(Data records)
lemma EI_insert_diff:
  assumes "R \<subseteq> V" "u \<in> V" "u \<notin> R" "w \<in> R"
  shows "EI V par r var Q Pr Z w (insert u R) - EI V par r var Q Pr Z w R
     = - (if w \<in> hsd V par r u R then EI V par r var Q Pr Z u (insert u R) else 0)"
proof -
  have "Iq V par r var Zq w (insert u R) - Iq V par r var Zq w R
      = - (if w \<in> hsd V par r u R then Iq V par r var Zq u (insert u R) else 0)" for Zq
    using Iq_insert_diff[OF assms, where var = var and Zq = Zq] assms(3,4)
      Iq_eq_topmost_covered[of var Zq u "insert u R"]
      topmost_covered_insert_self[OF assms(2), where var = var and S = R and Zq = Zq]
    by auto
  then have "EI V par r var Q Pr Z w (insert u R) - EI V par r var Q Pr Z w R
      = (\<Sum>q\<in>Q. - (if w \<in> hsd V par r u R then Pr q * Iq V par r var (Z q) u (insert u R) else 0))"
    unfolding EI_def sum_subtractf[symmetric] right_diff_distrib[symmetric]
    by (intro sum.cong refl) simp
  also have "\<dots> = - (if w \<in> hsd V par r u R then EI V par r var Q Pr Z u (insert u R) else 0)"
    unfolding EI_def by (simp add: sum_negf)
  finally show ?thesis .
qed

lemma sum_EI_insert_diff:
  assumes R: "R \<subseteq> V" "u \<in> V" "u \<notin> R"
  shows "(\<Sum>w\<in>R. (EI V par r var Q Pr Z w (insert u R) - EI V par r var Q Pr Z w R) * c w)
     = - EI V par r var Q Pr Z u (insert u R) * (\<Sum>v\<in>hsd V par r u R. c v)"
proof -
  let ?H = "hsd V par r u R" and ?E = "EI V par r var Q Pr Z u (insert u R)"
  have "finite R" using finite_subset[OF R(1) finite_V] .
  have "(\<Sum>w\<in>R. (EI V par r var Q Pr Z w (insert u R) - EI V par r var Q Pr Z w R) * c w)
      = - (\<Sum>w\<in>R. if w \<in> ?H then ?E * c w else 0)"
    unfolding sum_negf[symmetric] by (rule sum.cong[OF refl]) (simp add: EI_insert_diff[OF R])
  also have "\<dots> = - (\<Sum>w\<in>R \<inter> ?H. ?E * c w)"
    using \<open>finite R\<close> by (simp add: sum.inter_restrict)
  also have "R \<inter> ?H = ?H" unfolding hsd_def by blast
  finally show ?thesis by (simp only: mult_minus_left sum_distrib_left sum_negf)
qed

end

lemma benefit_insert_diff:
  assumes "finite R" "u \<notin> R"
  shows "benefit V par r var Q Pr Z c (insert u R) - benefit V par r var Q Pr Z c R
     = EI V par r var Q Pr Z u (insert u R) * Ctot V par r c u
       + (\<Sum>w\<in>R. (EI V par r var Q Pr Z w (insert u R) - EI V par r var Q Pr Z w R) * Ctot V par r c w)"
  using assms unfolding benefit_def by (simp add: sum_subtractf left_diff_distrib)
lemma uniquely_decodable_triple: "uniquely_decodable [x, y, w]"
proof -
  let ?C = "[x, y, w]"
  have binary: "set ks \<subseteq> {0, 1}" if "set ks \<subseteq> {..<3::nat}" "2 \<notin> set ks" for ks
    using that by (auto simp: subset_iff eval_nat_numeral less_Suc_eq)
  have in_star2: "encode ?C ks \<in> star2 x y" if "set ks \<subseteq> {..<3}" "2 \<notin> set ks" for ks
    using encode_in_star2 binary that by blast
  have has_marker: "sublist P (encode ?C ks)" if w_used: "2 \<in> set ks" for ks
  proof -
    obtain ks1 ks2 where "ks = ks1 @ 2 # ks2" using split_list[OF w_used] by blast
    then show ?thesis using marker_in_word by (auto intro: sublist_order.order.trans)
  qed
  have without_w: "ks = ls"
    if "set ks \<subseteq> {..<3}" "set ls \<subseteq> {..<3}" "2 \<notin> set ks" "2 \<notin> set ls"
      "encode ?C ks = encode ?C ls" for ks ls
  proof -
    have "set ks \<subseteq> {..<length [x, y]}" "set ls \<subseteq> {..<length [x, y]}"
      using binary that by auto
    moreover have "encode [x, y] ks = encode [x, y] ls"
      using that(5) calculation encode_append_code[of _ "[x, y]" "[w]"] by simp
    ultimately show ?thesis using uniquely_decodable unfolding uniquely_decodable_def
      by (auto dest: inj_onD)
  qed
  have "ks = ls" if "set ks \<subseteq> {..<3}" "set ls \<subseteq> {..<3}" "encode ?C ks = encode ?C ls" for ks ls
    using that
  proof (induction ks arbitrary: ls rule: length_induct)
    case (1 ks)
    show ?case
    proof (cases "2 \<in> set ks \<or> 2 \<in> set ls")
      case False
      then show ?thesis using "1.prems" without_w by blast
    next
      case True
      then have "2 \<in> set ks" "2 \<in> set ls"
        using "1.prems" in_star2 has_marker marker_not_in_star2 by metis+
      then obtain ks1 ks2 ls1 ls2 where ks: "ks = ks1 @ 2 # ks2" "2 \<notin> set ks1"
        and ls: "ls = ls1 @ 2 # ls2" "2 \<notin> set ls1"
        by (metis split_list_first)
      have split_eq: "encode ?C ks1 @ w @ encode ?C ks2 = encode ?C ls1 @ w @ encode ?C ls2"
        using "1.prems"(3) ks ls by simp
      moreover have "encode ?C ks1 \<in> star2 x y" "encode ?C ls1 \<in> star2 x y"
        using "1.prems" ks ls in_star2 by auto
      ultimately have heads: "encode ?C ks1 = encode ?C ls1"
        using star2_synchronizes by blast
      with split_eq have tails: "encode ?C ks2 = encode ?C ls2" by simp
      have "ks1 = ls1" using without_w heads "1.prems" ks ls by auto
      moreover have "ks2 = ls2" using "1.IH" tails "1.prems" ks ls by auto
      ultimately show ?thesis using ks ls by simp
    qed
  qed
  then have "inj_on (encode ?C) {ks. set ks \<subseteq> {..<3}}" by (auto intro: inj_onI)
  then show ?thesis unfolding uniquely_decodable_def by (simp add: numeral_3_eq_3)
qed

end

lemma nonempty_split_two:
  "p1 @ p2 = [c, d] \<Longrightarrow> p1 \<noteq> [] \<Longrightarrow> p2 \<noteq> [] \<Longrightarrow> p1 = [c] \<and> p2 = [d]"
  by (cases p1; cases p2) (auto simp: append_eq_Cons_conv)

lemma nonempty_split_three:
  "p1 @ p2 = [c, d, e] \<Longrightarrow> p1 \<noteq> [] \<Longrightarrow> p2 \<noteq> [] \<Longrightarrow>
    (p1 = [c] \<and> p2 = [d, e]) \<or> (p1 = [c, d] \<and> p2 = [e])"
  by (cases p1; cases p2) (auto simp: append_eq_Cons_conv)

lemma star2_a_ba:
  assumes "v \<in> star2 [a] [b, a]" "a \<noteq> b"
  shows "\<not> sublist [b, b] v \<and> (v \<noteq> [] \<longrightarrow> last v = a)"
  using assms by (induction v rule: star2.induct) (auto simp: sublist_Cons_right)

lemma uniquely_decodable_a_ba:
  assumes "a \<noteq> b" "sublist [b, b] w"
  shows "uniquely_decodable [[a], [b, a], w]"
proof -
  interpret marked_triple "[a]" "[b, a]" "[b, b]" w
  proof
    fix u z p1 p2
    assume "u \<in> star2 [a] [b, a]" "[b, b] = p1 @ p2" "p1 \<noteq> []" "p2 \<noteq> []" "suffix p1 u"
    then show False
      using nonempty_split_two[of p1 p2 b b] star2_a_ba \<open>a \<noteq> b\<close> by (fastforce simp: suffix_def)
  qed (use assms star2_a_ba[of _ a b] in auto)
  show ?thesis by (rule uniquely_decodable_triple)
qed

lemma uniquely_decodable_a_ab:
  assumes "a \<noteq> b" "sublist [b, b] w"
  shows "uniquely_decodable [[a], [a, b], w]"
proof (rule uniquely_decodable_if_map_rev)
  have "sublist [b, b] (rev w)" using assms(2) by (simp add: sublist_rev_right)
  then show "uniquely_decodable (map rev [[a], [a, b], w])"
    using uniquely_decodable_a_ba[OF assms(1)] by simp
qed

lemma star2_a_bb:
  assumes "v \<in> star2 [a] [b, b]" "a \<noteq> b"
  shows "\<not> sublist [a, b, a] v \<and> (v = [] \<or> hd v = a \<or> take 2 v = [b, b])
    \<and> (\<forall>zs. v \<noteq> zs @ [a, b]) \<and> v \<noteq> [b]"
  using assms
proof (induction v rule: star2.induct)
  case (append_fst v)
  then show ?case by (cases v) (auto simp: sublist_Cons_right Cons_eq_append_conv)
next
  case (append_snd v)
  then show ?case by (cases v) (auto simp: sublist_Cons_right Cons_eq_append_conv)
qed simp

lemma uniquely_decodable_a_bb:
  assumes "a \<noteq> b" "sublist [a, b, a] w"
  shows "uniquely_decodable [[a], [b, b], w]"
proof -
  interpret marked_triple "[a]" "[b, b]" "[a, b, a]" w
  proof
    fix u z p1 p2
    assume u: "u \<in> star2 [a] [b, b]" and "prefix u (w @ z)" "[a, b, a] = p1 @ p2"
      "p1 \<noteq> []" "p2 \<noteq> []" "suffix p1 u" "prefix p2 w"
    note u_shape = star2_a_bb[OF u \<open>a \<noteq> b\<close>]
    have "(p1 = [a] \<and> p2 = [b, a]) \<or> (p1 = [a, b] \<and> p2 = [a])"
      using nonempty_split_three[of p1 p2 a b a] \<open>[a, b, a] = p1 @ p2\<close> \<open>p1 \<noteq> []\<close> \<open>p2 \<noteq> []\<close>
      by simp
    then show False
    proof (elim disjE conjE)
      assume "p1 = [a]" "p2 = [b, a]"
      then obtain w' where "w = b # a # w'" using \<open>prefix p2 w\<close> by (auto simp: prefix_def)
      then have "prefix u (b # a # w' @ z)" using \<open>prefix u (w @ z)\<close> by simp
      moreover have "u \<noteq> []" using \<open>suffix p1 u\<close> \<open>p1 = [a]\<close> by (auto simp: suffix_def)
      ultimately show False using u_shape \<open>a \<noteq> b\<close>
        by (cases u; cases "tl u") (auto simp: prefix_def Cons_eq_append_conv)
    next
      assume "p1 = [a, b]" "p2 = [a]"
      then show False using u_shape \<open>suffix p1 u\<close> by (auto simp: suffix_def)
    qed
  qed (use assms star2_a_bb[of _ a b] in auto)
  show ?thesis by (rule uniquely_decodable_triple)
qed

definition words :: "nat \<Rightarrow> nat \<Rightarrow> nat list set" where
  "words n k = {w. word_over n w \<and> length w = k}"

lemma words_eq: "words n k = {w. set w \<subseteq> {..<n} \<and> length w = k}"
  by (auto simp: words_def word_over_def)

lemma finite_words [simp]: "finite (words n k)"
  unfolding words_eq by (rule finite_lists_length_eq) simp

lemma card_words: "card (words n k) = n ^ k"
  unfolding words_eq using card_lists_length_eq[of "{..<n}" k] by simp

definition avoiding :: "nat \<Rightarrow> nat list \<Rightarrow> nat \<Rightarrow> nat list set" where
  "avoiding n Q k = {w \<in> words n k. \<not> sublist Q w}"

lemma finite_avoiding [simp]: "finite (avoiding n Q k)"
  by (simp add: avoiding_def)

text \<open>Cut a word into blocks of length \<open>m\<close>: none of the full blocks may equal \<open>Q\<close>.\<close>
lemma card_avoiding_le:
  assumes Q: "Q \<in> words n m" and "0 < m"
  shows "card (avoiding n Q k) \<le> (n ^ m - 1) ^ (k div m) * n ^ (k mod m)"
proof (induction k rule: less_induct)
  case (less k)
  show ?case
  proof (cases "k < m")
    case True
    have "card (avoiding n Q k) \<le> card (words n k)"
      unfolding avoiding_def by (rule card_mono) auto
    then show ?thesis using True by (simp add: card_words)
  next
    case False
    then obtain j where k: "k = m + j" using le_Suc_ex not_less by blast
    have "avoiding n Q k \<subseteq> (\<lambda>(u, v). u @ v) ` ((words n m - {Q}) \<times> avoiding n Q j)"
    proof
      fix w assume w: "w \<in> avoiding n Q k"
      have "\<not> sublist Q w" using w by (simp add: avoiding_def)
      moreover have "sublist (take m w) w" "sublist (drop m w) w"
        by (simp_all add: prefix_imp_sublist suffix_imp_sublist)
      ultimately have "take m w \<noteq> Q" "\<not> sublist Q (drop m w)"
        by (auto dest: sublist_order.order.trans)
      then have "(take m w, drop m w) \<in> (words n m - {Q}) \<times> avoiding n Q j"
        using w k unfolding avoiding_def words_eq by (auto dest: in_set_takeD in_set_dropD)
      then show "w \<in> (\<lambda>(u, v). u @ v) ` ((words n m - {Q}) \<times> avoiding n Q j)"
        by (auto intro: image_eqI[where x = "(take m w, drop m w)"])
    qed
    then have "card (avoiding n Q k) \<le> card ((\<lambda>(u, v). u @ v) ` ((words n m - {Q}) \<times> avoiding n Q j))"
      by (rule card_mono[rotated]) simp
    also have "\<dots> \<le> card ((words n m - {Q}) \<times> avoiding n Q j)"
      by (rule card_image_le) simp
    also have "\<dots> = (n ^ m - 1) * card (avoiding n Q j)"
      using Q by (simp add: card_cartesian_product card_words)
    also have "\<dots> \<le> (n ^ m - 1) * ((n ^ m - 1) ^ (j div m) * n ^ (j mod m))"
      using less.IH[of j] k \<open>0 < m\<close> by simp
    also have "\<dots> = (n ^ m - 1) ^ (k div m) * n ^ (k mod m)"
      using k \<open>0 < m\<close> by simp
    finally show ?thesis .
  qed
qed

lemma mem_UD_three:
  "C \<in> UD n [l1, l2, l3] \<longleftrightarrow>
    (\<exists>x y w. C = [x, y, w] \<and> length x = l1 \<and> length y = l2 \<and> length w = l3 \<and> is_code n [x, y, w])"
proof
  assume C: "C \<in> UD n [l1, l2, l3]"
  then obtain x y w where "C = [x, y, w]"
    unfolding UD_def by (auto simp: numeral_3_eq_3 length_Suc_conv)
  with C show "\<exists>x y w. C = [x, y, w] \<and> length x = l1 \<and> length y = l2 \<and> length w = l3 \<and> is_code n [x, y, w]"
    unfolding UD_def by (auto dest: spec[of _ 0] spec[of _ 1] spec[of _ 2])
qed (auto simp: UD_def less_Suc_eq)

lemma not_is_code_square: "\<not> is_code n [x, x @ x, w]"
  unfolding is_code_def
  by (intro notI, elim conjE, drule spec[of _ "[1]"], drule spec[of _ "[0, 0]"]) simp

lemma UD_1_2_subset:
  "UD n [1, 2, c] \<subseteq> (\<lambda>(x, y, w). [x, y, w]) ` (SIGMA x:words n 1. (words n 2 - {x @ x}) \<times> words n c)"
proof
  fix C assume "C \<in> UD n [1, 2, c]"
  then obtain x y w where C: "C = [x, y, w]" "length x = 1" "length y = 2" "length w = c"
    and code: "is_code n [x, y, w]"
    unfolding mem_UD_three by blast
  then have "y \<noteq> x @ x" using not_is_code_square by blast
  moreover have "word_over n x" "word_over n y" "word_over n w"
    using code by (simp_all add: is_code_def)
  ultimately show "C \<in> (\<lambda>(x, y, w). [x, y, w]) ` (SIGMA x:words n 1. (words n 2 - {x @ x}) \<times> words n c)"
    using C by (intro image_eqI[where x = "(x, y, w)"]) (auto simp: words_def)
qed

lemma finite_UD_1_2: "finite (UD n [1, 2, c])"
  by (rule finite_subset[OF UD_1_2_subset]) auto

lemma card_UD_1_2_le: "card (UD n [1, 2, c]) \<le> n * (n ^ 2 - 1) * n ^ c"
proof -
  have "card (UD n [1, 2, c])
      \<le> card ((\<lambda>(x, y, w). [x, y, w]) ` (SIGMA x:words n 1. (words n 2 - {x @ x}) \<times> words n c))"
    by (rule card_mono[OF _ UD_1_2_subset]) auto
  also have "\<dots> \<le> card (SIGMA x:words n 1. (words n 2 - {x @ x}) \<times> words n c)"
    by (rule card_image_le) auto
  also have "\<dots> = (\<Sum>x\<in>words n 1. card ((words n 2 - {x @ x}) \<times> words n c))"
    by (simp add: card_SigmaI)
  also have "\<dots> = (\<Sum>x\<in>words n 1. (n ^ 2 - 1) * n ^ c)"
  proof (rule sum.cong)
    fix x assume "x \<in> words n 1"
    then have "x @ x \<in> words n 2" by (auto simp: words_def word_over_def)
    then show "card ((words n 2 - {x @ x}) \<times> words n c) = (n ^ 2 - 1) * n ^ c"
      by (simp add: card_cartesian_product card_Diff_singleton card_words)
  qed simp
  also have "\<dots> = n * (n ^ 2 - 1) * n ^ c" by (simp add: card_words)
  finally show ?thesis .
qed

text \<open>The two-letter marker \<open>bb\<close> needed when \<open>y \<in> {ab, ba}\<close> is padded to length 3, so that
  one avoidance bound covers all cases.\<close>
definition marker :: "nat \<Rightarrow> nat list \<Rightarrow> nat list" where
  "marker a y = (if y = [1 - a, 1 - a] then [a, 1 - a, a] else [1 - a, 1 - a, 1 - a])"

lemma marker_in_words: "a < 2 \<Longrightarrow> marker a y \<in> words 2 3"
  by (auto simp: marker_def words_def word_over_def)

-- Assigned task --
Reproduce every line in the data that has the word "True" in it.

-- Task response --
      case True
    case True
    then show ?thesis using True by (simp add: card_words)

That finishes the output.